Explain how you'll do it.

- use requests to downlaod the page
- use BS4 to parse and extract information
- convert to a Pandas dataframe

Let's write a function to download the page.

In [51]:
import requests
from bs4 import BeautifulSoup
import pandas as pd
import os

def get_topics_page():
    # TODO - add comments
    topics_url = 'https://github.com/topics'
    response = requests.get(topics_url)
    if response.status_code != 200:
        raise Exception('Failed to load page {}'.format(topic_url))
    doc = BeautifulSoup(response.text, 'html.parser')
    return doc

`get_topics_page` can be used to get the list of page

In [52]:
doc = get_topics_page()

Let's create some helper functions to parse information from the page.

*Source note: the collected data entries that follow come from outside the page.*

(* In the wireless backhaul network model below, consider the long-hop (beamforming) strategy: every hop is a single-stream eigen-beamformed MIMO link between two BSs, each hop must achieve received SNR at least a fixed target $P_0>0$ (independent of $n$), and every BS transmits at a rate bounded by a constant independent of $n$, which it shares among all connections it relays. Then for every $\epsilon>0$, with high probability, the worst-case per source–destination rate satisfies $$R(n)=O\!\left(\frac{\Psi(n)^{\frac{2}{\alpha}}}{n^{\frac12-\epsilon}}\right).$$
   Context: Model: base stations (BSs) are the points of a homogeneous Poisson point process of finite density $\lambda_{\rm b}>0$ restricted to the box $B_n=[0,\sqrt{n}]^2$; source–destination pairs are chosen uniformly at random so each BS is the source of one pair and destination of exactly one pair. Each BS has $\Psi(n)$ antennas ($\Psi$ non-decreasing) and transmit power at most $P$; noise power and bandwidth are $1$. For a link of BS separation $d>1$ with $\Psi(n)\times\Psi(n)$ channel matrix $\mathbf{H}$ with entries $h_{ik}=\sqrt{\min\{1,d^{-\alpha}\}}\exp(j\theta_{ik})$ ($\alpha>2$, arbitrary phases), single-stream eigen-beamforming achieves received SNR $P\lambda_{\max}(\mathbf{H}\mathbf{H}^\dagger)\le P d^{-\alpha}\Psi(n)^2$; thus the SNR target forces each hop length to satisfy $d\le d_{\rm c}=(P/P_0)^{1/\alpha}\Psi(n)^{2/\alpha}$. $R(n)$ is the worst-case rate over all source–destination pairs. $f(n)=O(g(n))$ w.h.p. means there exists a constant $K$ independent of $n$ with $\lim_{n\to\infty}\mathbb{P}(f(n)\le Kg(n))=1$. *)

theory Defs
  imports "HOL-Probability.Probability"
begin

definition bs_box :: "nat \<Rightarrow> (real \<times> real) set" where
  "bs_box n = cbox (0, 0) (sqrt (real n), sqrt (real n))"

text \<open>A hop of BS separation d can meet the SNR target P0 only if the
  eigen-beamforming SNR upper bound P * min{1, d^-alpha} * Psi(n)^2 is at least P0
  (for d > 1 this is exactly d <= d_c).\<close>
definition hop_ok :: "real \<Rightarrow> real \<Rightarrow> real \<Rightarrow> (nat \<Rightarrow> nat) \<Rightarrow> nat \<Rightarrow> real \<Rightarrow> bool" where
  "hop_ok P P0 \<alpha> \<Psi> n d \<longleftrightarrow>
     P0 \<le> P * (if d \<le> 1 then 1 else d powr (-\<alpha>)) * (real (\<Psi> n))\<^sup>2"

text \<open>Realisation: N BSs at positions x 0, ..., x (N-1); pair s has destination sigma s.\<close>
definition achievable ::
  "real \<Rightarrow> real \<Rightarrow> real \<Rightarrow> (nat \<Rightarrow> nat) \<Rightarrow> real \<Rightarrow> nat \<Rightarrow> nat \<Rightarrow> (nat \<Rightarrow> real \<times> real)
    \<Rightarrow> (nat \<Rightarrow> nat) \<Rightarrow> real \<Rightarrow> bool" where
  "achievable P P0 \<alpha> \<Psi> C n N x \<sigma> \<rho> \<longleftrightarrow>
     (\<exists>route :: nat \<Rightarrow> nat list. \<exists>r :: nat \<Rightarrow> real.
        (\<forall>s<N. route s \<noteq> [] \<and> hd (route s) = s \<and> last (route s) = \<sigma> s
              \<and> set (route s) \<subseteq> {..<N}
              \<and> (\<forall>k. Suc k < length (route s) \<longrightarrow>
                     hop_ok P P0 \<alpha> \<Psi> n (dist (x (route s ! k)) (x (route s ! Suc k))))
              \<and> 0 \<le> r s \<and> \<rho> \<le> r s)
      \<and> (\<forall>v<N. (\<Sum>s<N. if v \<in> set (butlast (route s)) then r s else 0) \<le> C))"

definition worst_rate_le ::
  "real \<Rightarrow> real \<Rightarrow> real \<Rightarrow> (nat \<Rightarrow> nat) \<Rightarrow> real \<Rightarrow> nat \<Rightarrow> nat \<Rightarrow> (nat \<Rightarrow> real \<times> real)
    \<Rightarrow> (nat \<Rightarrow> nat) \<Rightarrow> real \<Rightarrow> bool" where
  "worst_rate_le P P0 \<alpha> \<Psi> C n N x \<sigma> b \<longleftrightarrow>
     (\<forall>\<rho>. achievable P P0 \<alpha> \<Psi> C n N x \<sigma> \<rho> \<longrightarrow> \<rho> \<le> b)"

text \<open>Probability of an event E(N, x, sigma) of the random network: a homogeneous PPP
  of density lambda_b on B_n (N ~ Poisson(lambda_b n), given N the points are iid uniform
  on B_n), and a uniformly random permutation sigma of the N BSs (source-destination pairs).\<close>
definition net_prob ::
  "real \<Rightarrow> nat \<Rightarrow> (nat \<Rightarrow> (nat \<Rightarrow> real \<times> real) \<Rightarrow> (nat \<Rightarrow> nat) \<Rightarrow> bool) \<Rightarrow> real" where
  "net_prob lam_b n E =
     (\<Sum>N. pmf (poisson_pmf (lam_b * real n)) N *
        ((\<Sum>\<sigma>\<in>{\<sigma>. \<sigma> permutes {..<N}}.
            measure (PiM {..<N} (\<lambda>_. uniform_measure lborel (bs_box n)))
              {x \<in> space (PiM {..<N} (\<lambda>_. uniform_measure lborel (bs_box n))). E N x \<sigma>})
         / fact N))"

end

theory Submission
  imports Defs
begin

(* Idea (transport capacity).  Every feasible hop has length at most
   D = c * Psi(n)^(2/alpha).  If every source-destination pair receives rate rho, then
   rho * (sum over pairs of the source-destination distance) <= D * N * C, because a route of
   length L needs at least L / D distinct transmitting BSs and each BS transmits at most C in
   total.  With high probability the pairs of a random network span total distance of order
   N * sqrt n * n^(-epsilon): a pair is closer than delta * sqrt n (in the first coordinate)
   with probability at most 2 * delta unless it is a fixed point of the pairing, and a random
   pairing has one fixed point on average.  Hence R(n) <= 2 D C / (n^(-epsilon) * sqrt n). *)

text \<open>Counting
  distinct nodes, not hops, matters: a BS relaying a connection twice carries its rate once.\<close>
lemma dist_endpoints_le_hops:
  fixes x :: "'b \<Rightarrow> 'a::metric_space" and l :: "'b list"
  assumes "l \<noteq> []" and "\<And>k. Suc k < length l \<Longrightarrow> dist (x (l!k)) (x (l!Suc k)) \<le> D"
    and "0 \<le> D"
  shows "dist (x (hd l)) (x (last l)) \<le> D * card (set (butlast l))"
  using assms
proof (induction "length l" arbitrary: l rule: less_induct)
  case less
  show ?case
  proof (cases "hd l \<in> set (tl l)")
    case True
    text \<open>The route revisits its start: cut out the loop and use the shorter route.\<close>
    then obtain j where j: "j < length (tl l)" "tl l ! j = hd l" by (metis in_set_conv_nth)
    define l' where "l' = drop (Suc j) l"
    have "l' \<noteq> []" using j unfolding l'_def by auto
    moreover have "hd l' = hd l" using j less.prems(1) unfolding l'_def
      by (metis drop_Suc hd_drop_conv_nth length_tl)
    moreover have "last l' = last l" using \<open>l' \<noteq> []\<close> unfolding l'_def by (simp add: last_drop)
    moreover have "dist (x (hd l')) (x (last l')) \<le> D * card (set (butlast l'))"
      using less.prems(1,2) \<open>l' \<noteq> []\<close> \<open>0 \<le> D\<close>
      by (intro less.hyps) (auto simp: l'_def add.commute)
    moreover have "card (set (butlast l')) \<le> card (set (butlast l))"
      unfolding l'_def by (intro card_mono) (auto simp: butlast_drop set_drop_subset)
    then have "D * card (set (butlast l')) \<le> D * card (set (butlast l))"
      using \<open>0 \<le> D\<close> by (intro mult_left_mono) auto
    ultimately show ?thesis by simp
  next
    case False
    text \<open>The start is visited only once: peel off the first hop.\<close>
    obtain a rest where l: "l = a # rest" using less.prems(1) by (cases l) auto
    show ?thesis
    proof (cases "rest = []")
      case True then show ?thesis using l less.prems(3) by simp
    next
      case False
      have first_hop: "dist (x a) (x (hd rest)) \<le> D"
        using less.prems(2)[of 0] l False by (simp add: hd_conv_nth)
      have "dist (x (hd rest)) (x (last rest)) \<le> D * card (set (butlast rest))"
        using less.prems(2,3) l False by (intro less.hyps) (auto, metis Suc_less_eq nth_Cons_Suc)
      moreover have "card (set (butlast l)) = Suc (card (set (butlast rest)))"
        using \<open>hd l \<notin> set (tl l)\<close> l False by (auto simp: card_insert_if dest: in_set_butlastD)
      ultimately have "dist (x (hd rest)) (x (last l)) + D \<le> D * card (set (butlast l))"
        using l False by (simp add: algebra_simps)
      moreover have "dist (x (hd l)) (x (last l)) \<le> dist (x a) (x (hd rest)) + dist (x (hd rest)) (x (last l))"
        using l by (simp add: dist_triangle)
      ultimately show ?thesis using first_hop by linarith
    qed
  qed
qed

lemma sum_weighted_card_eq_sum_load:
  fixes w :: "'s \<Rightarrow> 'r::comm_semiring_1"
  assumes "finite S" and "finite V" and "\<And>s. s \<in> S \<Longrightarrow> A s \<subseteq> V"
  shows "(\<Sum>s\<in>S. w s * of_nat (card (A s))) = (\<Sum>v\<in>V. \<Sum>s\<in>S. if v \<in> A s then w s else 0)"
proof -
  have "(\<Sum>s\<in>S. w s * of_nat (card (A s))) = (\<Sum>s\<in>S. \<Sum>v\<in>V. if v \<in> A s then w s else 0)"
  proof (intro sum.cong refl)
    fix s assume "s \<in> S"
    then have "V \<inter> A s = A s" using assms(3) by blast
    then show "w s * of_nat (card (A s)) = (\<Sum>v\<in>V. if v \<in> A s then w s else 0)"
      using assms(2) by (simp add: sum.If_cases mult.commute)
  qed
  also have "\<dots> = (\<Sum>v\<in>V. \<Sum>s\<in>S. if v \<in> A s then w s else 0)"
    by (rule sum.swap)
  finally show ?thesis .
qed
lemma norm_signed_perm:
  fixes \<pi> :: "'n::finite \<Rightarrow> 'n" and s :: "'n \<Rightarrow> real"
  assumes bij: "bij \<pi>" and s: "\<And>k. s k = 1 \<or> s k = -1"
  shows "norm (\<chi> k. s k * x $ \<pi> k) = norm (x :: real^'n)"
proof -
  have "(\<Sum>k\<in>UNIV. (s k * x $ \<pi> k) * (s k * x $ \<pi> k)) = (\<Sum>k\<in>UNIV. x $ \<pi> k * x $ \<pi> k)"
  proof (intro sum.cong refl)
    fix k
    show "(s k * x $ \<pi> k) * (s k * x $ \<pi> k) = x $ \<pi> k * x $ \<pi> k"
      by (cases "s k = 1") (use s[of k] in auto)
  qed
  also have "\<dots> = (\<Sum>j\<in>UNIV. x $ j * x $ j)"
    by (rule sum.reindex_bij_witness[where i="inv \<pi>" and j=\<pi>])
      (simp_all add: surj_f_inv_f[OF bij_is_surj[OF bij]] inv_f_f[OF bij_is_inj[OF bij]])
  finally show ?thesis by (simp add: norm_eq_sqrt_inner inner_vec_def)
qed

definition reflect :: "3 \<Rightarrow> mom \<Rightarrow> mom" where
  "reflect i x = (\<chi> k. (if k = i then -1 else 1) * x $ id k)"

definition swap_index :: "3 \<Rightarrow> 3 \<Rightarrow> 3 \<Rightarrow> 3" where
  "swap_index i j k = (if k = i then j else if k = j then i else k)"

definition swap_coords :: "3 \<Rightarrow> 3 \<Rightarrow> mom \<Rightarrow> mom" where
  "swap_coords i j x = (\<chi> k. 1 * x $ swap_index i j k)"

lemma bij_swap_index: "bij (swap_index i j)"
  by (rule o_bij[of "swap_index i j"]) (auto simp: swap_index_def fun_eq_iff)

lemma norm_reflect [simp]: "norm (reflect i x) = norm x"
  unfolding reflect_def by (rule norm_signed_perm) (auto simp: bij_id[unfolded id_def])

lemma norm_swap_coords [simp]: "norm (swap_coords i j x) = norm x"
  unfolding swap_coords_def by (rule norm_signed_perm[OF bij_swap_index]) auto

lemma q0_reflect [simp]: "q0 (reflect i x) = q0 x" by (simp add: q0_def)

lemma q0_swap_coords [simp]: "q0 (swap_coords i j x) = q0 x" by (simp add: q0_def)

lemma reflect_nth: "reflect i x $ k = (if k = i then - x $ k else x $ k)"
  by (simp add: reflect_def)

lemma swap_coords_nth: "swap_coords i j x $ k = x $ swap_index i j k"
  by (simp add: swap_coords_def)

lemma inner_reflect: "c \<bullet> reflect i q = c \<bullet> q - 2 * (c $ i * q $ i)"
proof -
  have "c \<bullet> reflect i q = (\<Sum>k\<in>UNIV. c $ k * q $ k - (if k = i then 2 * (c $ k * q $ k) else 0))"
    unfolding inner_vec_def by (intro sum.cong refl) (simp add: reflect_nth)
  also have "\<dots> = c \<bullet> q - 2 * (c $ i * q $ i)"
    by (simp add: sum_subtractf inner_vec_def)
  finally show ?thesis .
qed

lemma integral_reflect:
  fixes f :: "mom \<Rightarrow> real"
  assumes "f \<in> borel_measurable borel"
  shows "(LINT x|lborel. f (reflect i x)) = (LINT x|lborel. f x)"
  unfolding reflect_def by (rule integral_signed_perm[OF _ _ assms]) (auto simp: bij_id[unfolded id_def])

lemma integral_swap_coords:
  fixes f :: "mom \<Rightarrow> real"
  assumes "f \<in> borel_measurable borel"
  shows "(LINT x|lborel. f (swap_coords i j x)) = (LINT x|lborel. f x)"
  unfolding swap_coords_def by (rule integral_signed_perm[OF bij_swap_index _ assms]) auto

lemma integral_eq_0_if_odd_reflect:
  fixes f :: "mom \<Rightarrow> real"
  assumes m: "f \<in> borel_measurable borel" and odd: "\<And>x. f (reflect i x) = - f x"
  shows "(LINT x|lborel. f x) = 0"
proof -
  have "(LINT x|lborel. f x) = (LINT x|lborel. f (reflect i x))" using integral_reflect[OF m] by simp
  also have "\<dots> = - (LINT x|lborel. f x)" by (simp add: odd)
  finally show ?thesis by linarith
qed

lemma integral_uminus_vec:
  fixes f :: "real^'n \<Rightarrow> real"
  assumes "f \<in> borel_measurable borel"
  shows "(LINT x|lborel. f (- x)) = (LINT x|lborel. f x)"
proof -
  have "(\<lambda>x::real^'n. \<chi> k. (-1) * x $ id k) = uminus" by (auto simp: fun_eq_iff vec_eq_iff)
  hence "(LINT x|lborel. f (- x)) = (LINT x|lborel. f (\<chi> k. (-1) * x $ id k))" by (simp add: fun_eq_iff)
  also have "\<dots> = (LINT x|lborel. f x)"
    by (rule integral_signed_perm[OF _ _ assms]) (auto simp: bij_id[unfolded id_def])
  finally show ?thesis .
qed

lemma integral_eq_0_if_odd:
  fixes f :: "real^'n \<Rightarrow> real"
  assumes m: "f \<in> borel_measurable borel" and odd: "\<And>x. f (- x) = - f x"
  shows "(LINT x|lborel. f x) = 0"
  using integral_uminus_vec[OF m] odd by simp

section \<open>Moments of the Juettner distribution J0\<close>

lemma integral_inner_exp_q0_div_q0:
  "(LINT q|lborel. (c \<bullet> q) * exp (- \<beta> * q0 q) / q0 q) = 0"
  by (rule integral_eq_0_if_odd) (auto intro!: borel_measurable_continuous_onI continuous_intros simp: inner_minus_right q0_pos[THEN less_imp_neq, symmetric])

lemma integral_inner_exp_q0:
  "(LINT q|lborel. (c \<bullet> q) * exp (- \<beta> * q0 q)) = 0"
  by (rule integral_eq_0_if_odd) (auto intro!: borel_measurable_continuous_onI continuous_intros simp: inner_minus_right q0_pos[THEN less_imp_neq, symmetric])

lemma integrable_component_sq_exp_q0_div_q0:
  assumes b: "\<beta> > 0"
  shows "integrable lborel (\<lambda>q. (q $ i)^2 * exp (- \<beta> * q0 q) / q0 q)"
proof (rule integrable_dominated_q0_sq_exp[OF b, where c=1])
  show "continuous_on UNIV (\<lambda>q. (q $ i)^2 * exp (- \<beta> * q0 q) / q0 q)"
    by (intro continuous_intros) (simp add: q0_pos[THEN less_imp_neq, symmetric])
  fix q :: mom
  have "\<bar>q $ i\<bar>^2 \<le> q0 q ^ 2" by (rule power_mono[OF abs_component_le_q0]) simp
  hence h: "(q $ i)^2 \<le> q0 q ^ 2" by simp
  have "\<bar>(q $ i)^2 * exp (- \<beta> * q0 q) / q0 q\<bar> = (q $ i)^2 * exp (- \<beta> * q0 q) / q0 q"
    using q0_pos[of q] by simp
  also have "\<dots> \<le> q0 q ^ 2 * exp (- \<beta> * q0 q) / q0 q"
    using h q0_pos[of q] by (intro divide_right_mono mult_right_mono) auto
  also have "\<dots> = q0 q * exp (- \<beta> * q0 q)" using q0_pos[of q] by (simp add: power2_eq_square)
  also have "\<dots> \<le> q0 q ^ 2 * exp (- \<beta> * q0 q)" by (intro mult_right_mono q0_le_q0_sq) auto
  finally show "\<bar>(q $ i)^2 * exp (- \<beta> * q0 q) / q0 q\<bar> \<le> 1 * (q0 q ^ 2 * exp (- \<beta> * q0 q))" by simp
qed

To get topic titles, we can pick `p` tags with the `class` ...

![](https://i.imgur.com/OnzIdyP.png)

In [53]:
def get_topic_titles(doc):
    selection_class = 'f3 lh-condensed mb-0 mt-1 Link--primary'
    topic_title_tags = doc.find_all('p', {'class': selection_class})
    topic_titles = []
    for tag in topic_title_tags:
        topic_titles.append(tag.text)
    return topic_titles

`get_topic_titles` can be used to get the list of titles

In [54]:
titles = get_topic_titles(doc)

In [55]:
len(titles)

30

Getting first 5 topics from list

In [56]:
titles[:5]

['3D', 'Ajax', 'Algorithm', 'Amp', 'Android']

since the length of title is `30` `(total titles on first page)`, with below approach we can get last 5 topics of 

titles[25:]

defining a  functions to get `descriptions`

In [57]:
def get_topic_descs(doc):
    desc_selector = 'f5 color-fg-muted mb-0 mt-1'
    topic_desc_tags = doc.find_all('p', {'class': desc_selector})
    topic_descs = []
    for tag in topic_desc_tags:
        topic_descs.append(tag.text.strip())
    return topic_descs

<b>Note:</b> `.text` used to get text of description form `p tag` and `.strip()` used to remove the additional `space`     

Similarly we have defined functions for `URLs`.

In [58]:
def get_topic_urls(doc):
    topic_link_tags = doc.find_all('a', {'class': 'no-underline flex-1 d-flex flex-column'})
    topic_urls = []
    base_url = 'https://github.com'
    for tag in topic_link_tags:
        topic_urls.append(base_url + tag['href'])
    return topic_urls

since the page have `relative url` so we need to make it an `absolute url` by appending the `base url` it with tag[`href`]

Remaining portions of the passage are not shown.